[[ Input, beginning ]]

(* Let $n\ge 2$, let $p>2$ be a prime, $M=(p-1)/2$, and let $\delta>0$ and $R>0$ be parameters such that $R\le n/\delta$, $\frac{n-1}{\delta^2}+n\left(\frac{R}{\delta}+\frac14\right)\le M$, and $|\tilde z_j^{(i)}|\le R$ for all $i\in\{1,2\}$, $j\in\{1,\dots,n\}$. Then the Exact Correlation Protocol (described in the context) implements the computation of the sample Pearson correlation $r$ with controlled leakage for the leakage function $$\ell(\mathbf{x}^{(1)},\mathbf{x}^{(2)})=\Big((\varepsilon_j^{(1)},\varepsilon_j^{(2)})_{j=1}^n,\ \sum_{j=1}^n z_j^{(1)}\varepsilon_j^{(2)},\ \sum_{j=1}^n z_j^{(2)}\varepsilon_j^{(1)}\Big),$$ against a passive (honest-but-curious), computationally unbounded adversary corrupting one of the two participants, assuming the participants have access to an ideal Beaver-triple functionality $\mathcal{F}_{\mathrm{BT}}$.
   Context: Fixed-point encoding: for a prime $p>2$ and $M=(p-1)/2$, and $\delta>0$, let $\mathbb{Q}_{(M,\delta)}=\{x\delta : x\in\mathbb{Z},\ -M\le x\le M\}$. Define $\varphi_\delta:\mathbb{Q}_{(M,\delta)}\to\mathbb{F}_p$ by $\varphi_\delta(x\delta)=x \bmod p$; it is a bijection with inverse $\varphi_\delta^{-1}(y)=\delta\psi(y)$, where, representing $y\in\mathbb{F}_p$ by an integer in $\{0,\dots,p-1\}$, $\psi(y)=y$ if $y\le M$ and $\psi(y)=y-p$ otherwise. Data: participant $P_i$ ($i=1,2$) privately holds real samples $\mathbf{x}^{(i)}=(x_1^{(i)},\dots,x_n^{(i)})$ (not all equal). Let $\bar x^{(i)}$ be their mean, $s^{(i)}=\sqrt{\frac{1}{n-1}\sum_{j=1}^n(x_j^{(i)}-\bar x^{(i)})^2}$, and $z_j^{(i)}=(x_j^{(i)}-\bar x^{(i)})/s^{(i)}$. The sample Pearson correlation is $r=\frac{1}{n-1}\sum_{j=1}^n z_j^{(1)}z_j^{(2)}$. Each $z_j^{(i)}$ is rounded to a nearest element $\tilde z_j^{(i)}\in\mathbb{Q}_{(M,\delta)}$ and $\varepsilon_j^{(i)}=z_j^{(i)}-\tilde z_j^{(i)}\in[-\delta/2,\delta/2]$. Additive secret sharing: a sharing $[x]$ of $x\in\mathbb{F}_p$ consists of shares $[x]_1,[x]_2\in\mathbb{F}_p$, held by $P_1,P_2$, with $[x]_1+[x]_2=x$; the sharer picks one share uniformly at random. $\mathcal{F}_{\mathrm{BT}}$ supplies fresh Beaver triples: sharings $[u],[v],[w]$ with $u,v$ uniform in $\mathbb{F}_p$ and $w=uv$. To multiply $[x],[y]$ with a fresh triple, the participants open $x-u$ and $y-v$, and set $[z]_1=[w]_1+[u]_1(y-v)+[v]_1(x-u)+(x-u)(y-v)$, $[z]_2=[w]_2+[u]_2(y-v)+[v]_2(x-u)$, giving a sharing of $xy$. Exact Correlation Protocol: (1) $P_i$ computes $s^{(i)}$, $z_j^{(i)}$, $\tilde z_j^{(i)}$, $\varepsilon_j^{(i)}$ and sends $(\varepsilon_j^{(i)})_{j=1}^n$ to $P_{3-i}$. (2) $P_i$ computes $\sum_{j=1}^n z_j^{(i)}\varepsilon_j^{(3-i)}$ and sends it to $P_{3-i}$. (3) For each $j$, $P_i$ creates and distributes a sharing $[\varphi_\delta(\tilde z_j^{(i)})]$. (4) The participants compute $[a]=\sum_{j=1}^n[\varphi_\delta(\tilde z_j^{(1)})][\varphi_\delta(\tilde z_j^{(2)})]$ using one Beaver triple per product and local addition of shares. (5) $P_i$ sends $[a]_i$ to $P_{3-i}$; both recover $a$. (6) Each participant outputs $\frac{1}{n-1}\Big(\varphi_{\delta^2}^{-1}(a)+\sum_{i=1}^2\sum_{j=1}^n z_j^{(i)}\varepsilon_j^{(3-i)}-\sum_{j=1}^n\varepsilon_j^{(1)}\varepsilon_j^{(2)}\Big)$. Controlled leakage: In the real world, both participants first send their inputs to a null sink $\mathcal{N}$ (which discards them and replies nothing), then run the protocol using $\mathcal{F}_{\mathrm{BT}}$; $V^\ell_{\mathsf{real}}$ is the view (everything seen) of the corrupted participant. In the ideal world, both participants first send their inputs to a leaker $\mathcal{L}$, which gives $\ell(\mathbf{x}^{(1)},\mathbf{x}^{(2)})$ to a simulator $\mathcal{S}$; the honest participant gives its input to an ideal functionality $\mathcal{F}_r$ which outputs $r$ to both; the corrupted participant runs the protocol, but all messages from the honest party and from $\mathcal{F}_{\mathrm{BT}}$ are produced by $\mathcal{S}$, which may extract and submit the corrupted participant's input to $\mathcal{F}_r$ and receive $r$; $V^\ell_{\mathsf{ideal}}$ is the corrupted participant's view. The protocol implements the computation with controlled leakage (for $\ell$) if there is a simulator such that $\Pr[\mathcal{D}(V^\ell_{\mathsf{real}})=\mathsf{real}]=\Pr[\mathcal{D}(V^\ell_{\mathsf{ideal}})=\mathsf{real}]$ for every distinguisher $\mathcal{D}$. *)

theory Defs
  imports "HOL-Probability.Probability"
begin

[[ Input, end ]]

Task prompt:
Each record must be returned exactly as it is written.

Task output:
(* Let $n\ge 2$, let $p>2$ be a prime, $M=(p-1)/2$, and let $\delta>0$ and $R>0$ be parameters such that $R\le n/\delta$, $\frac{n-1}{\delta^2}+n\left(\frac{R}{\delta}+\frac14\right)\le M$, and $|\tilde z_j^{(i)}|\le R$ for all $i\in\{1,2\}$, $j\in\{1,\dots,n\}$. Then the Exact Correlation Protocol (described in the context) implements the computation of the sample Pearson correlation $r$ with controlled leakage for the leakage function $$\ell(\mathbf{x}^{(1)},\mathbf{x}^{(2)})=\Big((\varepsilon_j^{(1)},\varepsilon_j^{(2)})_{j=1}^n,\ \sum_{j=1}^n z_j^{(1)}\varepsilon_j^{(2)},\ \sum_{j=1}^n z_j^{(2)}\varepsilon_j^{(1)}\Big),$$ against a passive (honest-but-curious), computationally unbounded adversary corrupting one of the two participants, assuming the participants have access to an ideal Beaver-triple functionality $\mathcal{F}_{\mathrm{BT}}$.
   Context: Fixed-point encoding: for a prime $p>2$ and $M=(p-1)/2$, and $\delta>0$, let $\mathbb{Q}_{(M,\delta)}=\{x\delta : x\in\mathbb{Z},\ -M\le x\le M\}$. Define $\varphi_\delta:\mathbb{Q}_{(M,\delta)}\to\mathbb{F}_p$ by $\varphi_\delta(x\delta)=x \bmod p$; it is a bijection with inverse $\varphi_\delta^{-1}(y)=\delta\psi(y)$, where, representing $y\in\mathbb{F}_p$ by an integer in $\{0,\dots,p-1\}$, $\psi(y)=y$ if $y\le M$ and $\psi(y)=y-p$ otherwise. Data: participant $P_i$ ($i=1,2$) privately holds real samples $\mathbf{x}^{(i)}=(x_1^{(i)},\dots,x_n^{(i)})$ (not all equal). Let $\bar x^{(i)}$ be their mean, $s^{(i)}=\sqrt{\frac{1}{n-1}\sum_{j=1}^n(x_j^{(i)}-\bar x^{(i)})^2}$, and $z_j^{(i)}=(x_j^{(i)}-\bar x^{(i)})/s^{(i)}$. The sample Pearson correlation is $r=\frac{1}{n-1}\sum_{j=1}^n z_j^{(1)}z_j^{(2)}$. Each $z_j^{(i)}$ is rounded to a nearest element $\tilde z_j^{(i)}\in\mathbb{Q}_{(M,\delta)}$ and $\varepsilon_j^{(i)}=z_j^{(i)}-\tilde z_j^{(i)}\in[-\delta/2,\delta/2]$. Additive secret sharing: a sharing $[x]$ of $x\in\mathbb{F}_p$ consists of shares $[x]_1,[x]_2\in\mathbb{F}_p$, held by $P_1,P_2$, with $[x]_1+[x]_2=x$; the sharer picks one share uniformly at random. $\mathcal{F}_{\mathrm{BT}}$ supplies fresh Beaver triples: sharings $[u],[v],[w]$ with $u,v$ uniform in $\mathbb{F}_p$ and $w=uv$. To multiply $[x],[y]$ with a fresh triple, the participants open $x-u$ and $y-v$, and set $[z]_1=[w]_1+[u]_1(y-v)+[v]_1(x-u)+(x-u)(y-v)$, $[z]_2=[w]_2+[u]_2(y-v)+[v]_2(x-u)$, giving a sharing of $xy$. Exact Correlation Protocol: (1) $P_i$ computes $s^{(i)}$, $z_j^{(i)}$, $\tilde z_j^{(i)}$, $\varepsilon_j^{(i)}$ and sends $(\varepsilon_j^{(i)})_{j=1}^n$ to $P_{3-i}$. (2) $P_i$ computes $\sum_{j=1}^n z_j^{(i)}\varepsilon_j^{(3-i)}$ and sends it to $P_{3-i}$. (3) For each $j$, $P_i$ creates and distributes a sharing $[\varphi_\delta(\tilde z_j^{(i)})]$. (4) The participants compute $[a]=\sum_{j=1}^n[\varphi_\delta(\tilde z_j^{(1)})][\varphi_\delta(\tilde z_j^{(2)})]$ using one Beaver triple per product and local addition of shares. (5) $P_i$ sends $[a]_i$ to $P_{3-i}$; both recover $a$. (6) Each participant outputs $\frac{1}{n-1}\Big(\varphi_{\delta^2}^{-1}(a)+\sum_{i=1}^2\sum_{j=1}^n z_j^{(i)}\varepsilon_j^{(3-i)}-\sum_{j=1}^n\varepsilon_j^{(1)}\varepsilon_j^{(2)}\Big)$. Controlled leakage: In the real world, both participants first send their inputs to a null sink $\mathcal{N}$ (which discards them and replies nothing), then run the protocol using $\mathcal{F}_{\mathrm{BT}}$; $V^\ell_{\mathsf{real}}$ is the view (everything seen) of the corrupted participant. In the ideal world, both participants first send their inputs to a leaker $\mathcal{L}$, which gives $\ell(\mathbf{x}^{(1)},\mathbf{x}^{(2)})$ to a simulator $\mathcal{S}$; the honest participant gives its input to an ideal functionality $\mathcal{F}_r$ which outputs $r$ to both; the corrupted participant runs the protocol, but all messages from the honest party and from $\mathcal{F}_{\mathrm{BT}}$ are produced by $\mathcal{S}$, which may extract and submit the corrupted participant's input to $\mathcal{F}_r$ and receive $r$; $V^\ell_{\mathsf{ideal}}$ is the corrupted participant's view. The protocol implements the computation with controlled leakage (for $\ell$) if there is a simulator such that $\Pr[\mathcal{D}(V^\ell_{\mathsf{real}})=\mathsf{real}]=\Pr[\mathcal{D}(V^\ell_{\mathsf{ideal}})=\mathsf{real}]$ for every distinguisher $\mathcal{D}$. *)

theory Defs
  imports "HOL-Probability.Probability"
begin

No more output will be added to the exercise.